Corrected during inspection; critical; repeat; at time of inspection, observed can opener blade with food debris. After informing PIC, the can opener was pulled for cleaning.

At time of inspection, observed gap on the bottom left of the kitchen back door. Install a door sweep to prevent pest infiltration into the facility.

At time of inspection, observed the following not sealed to the walls in the bar area: 1. three-bay sink – seal to the wall 2. handsink – seal to the wall

At time of inspection, observed the following non-food contact surfaces in need of cleaning: 1. reach-in freezers with food debris on the bottom of the inside of the freezers 2. drip/crumb tray under grill in the kitchen with food debris build up

Comments:

Clean hood vents at a frequency that precludes dust build up. Discussed cleaning frequency with the Person-in-Charge (PIC).

• Sakai Japanese Bistro, 2303 W. Main St., Troy: Follow-up inspection.

Corrected during inspection; critical; repeat; at time of inspection, observed chlorine sanitizer bucket to have an approximate concentration of >200 ppm. After informing PIC, the bucket was dumped and a new bucket was made with the proper concentration.

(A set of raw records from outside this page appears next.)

lemma coding_set_first_digit_bounds:
  assumes "e \<in> coding_set lam x"
  shows "ifs lam (e 0) 0 \<le> x \<and> x \<le> ifs lam (e 0) 0 + lam"
  using assms coding_value_case_nat_bounds[of "e \<circ> Suc" "e 0"]
  by (simp add: coding_set_def case_nat_head_tail)

lemma distinct_first_digits_imp_overlap:
  assumes "c \<in> coding_set lam x" and "d \<in> coding_set lam x" and "c 0 \<noteq> d 0"
  shows "3 * lam - lam ^ 2 \<le> x \<and> x \<le> 3 * lam"
proof -
  have "c 0 \<in> {1,2,3,4}" and "d 0 \<in> {1,2,3,4}"
    using assms(1,2) by (auto simp: coding_set_def)
  then show ?thesis
    using coding_set_first_digit_bounds[OF assms(1)] coding_set_first_digit_bounds[OF assms(2)]
      assms(3) pos less_quarter power2_less_self separation
    by (auto simp: ifs_def)
qed

lemma overlap_coding_prefixes:
  assumes "3 * lam - lam ^ 2 \<le> x" and "x \<le> 3 * lam" and "e \<in> coding_set lam x"
  shows "(e 0 = 2 \<and> e 1 = 4) \<or> (e 0 = 3 \<and> e 1 = 1)"
proof -
  define y where "y = (x - ifs lam (e 0) 0) / lam"
  have "case_nat (e 0) (e \<circ> Suc) \<in> coding_set lam x"
    using assms(3) by (simp add: case_nat_head_tail)
  then have digit0: "e 0 \<in> {1,2,3,4}" and tail: "e \<circ> Suc \<in> coding_set lam y"
    unfolding y_def case_nat_in_coding_set_iff by auto
  have digit1: "e 1 \<in> {1,2,3,4}"
    using tail by (auto simp: coding_set_def)
  have y_bounds: "ifs lam (e 1) 0 \<le> y \<and> y \<le> ifs lam (e 1) 0 + lam"
    using coding_set_first_digit_bounds[OF tail] by simp
  have y_eq: "lam * y = x - ifs lam (e 0) 0"
    using pos by (simp add: y_def)
  have "e 0 = 2 \<or> e 0 = 3"
    using digit0 coding_set_first_digit_bounds[OF assms(3)] assms(1,2)
      pos less_quarter power2_less_self
    by (auto simp: ifs_def)
  then show ?thesis
  proof
    assume "e 0 = 2"
    then have "lam * (1 - lam) \<le> lam * y"
      using assms(1) y_eq by (simp add: ifs_def power2_eq_square algebra_simps)
    then have "1 - lam \<le> y"
      using pos by simp
    then show ?thesis
      using \<open>e 0 = 2\<close> digit1 y_bounds pos less_quarter power2_less_self separation
      by (auto simp: ifs_def)
  next
    assume "e 0 = 3"
    then have "lam * y \<le> lam * lam"
      using assms(2) y_eq by (simp add: ifs_def power2_eq_square algebra_simps)
    then have "y \<le> lam"
      using pos by simp
    then show ?thesis
      using \<open>e 0 = 3\<close> digit1 y_bounds pos less_quarter power2_less_self by (auto simp: ifs_def)
  qed
qed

The following violation(s) have been corrected since the last inspection:

Ready-to-eat, time/temperature controlled for safety food – date marking – at time of inspection, observed foods in the prep-cooler prepped >24 prior without date marks. Informed PIC that foods prepped >24 prior need to be date marked. After informing PIC, the date marking process was started.

Time as a public health control – four-hour time limit – at time of inspection, observed time as a public health control logs marked with 5 hours disposal times. After talking with PIC, the times were started when the rice started cooking. Informed PIC that the time should be marked for when the rice is removed from temperature control (hot holding). Moving forward.

Gloves – latex gloves – at time of inspection, latex gloves being used in the facility. Remove latex gloves from the facility and do not use them moving forward.

Multiuse utensils and food contact surfaces – material characteristics. – at time of inspection, observed raw sushi fish in direct contact with non-food grade paper towels.

Nonfood-contact surfaces – cleanability – at time of inspection, observed kitchen equipment covered in plastic wrap and aluminum foil. Non-food contact surfaces need to be smooth and easily cleanable.

Drying mops – at time of inspection, observed mop drying sitting in the mop bucket. Ensure mops are hung up on the mop hanger for drying.

Backflow prevention – air gap – at time of inspection, observed prep sink in back area to not be properly air gapped. Ensure an air gap of 2” or twice the diameter of the pipe is achieved.

Comments:

At time of reinspection, discussed proper labeling for parasite destruction trace back to the fish in the freezer with the Person-in-Charge (PIC). Discussed methods of ensuring the proper parasite destruction trace back information stays with the fish when it is broken down and refrozen in the freezer.

Informed PIC that sushi fish is allowed to be stored in direct contact with paper towels per Ohio Department of Health.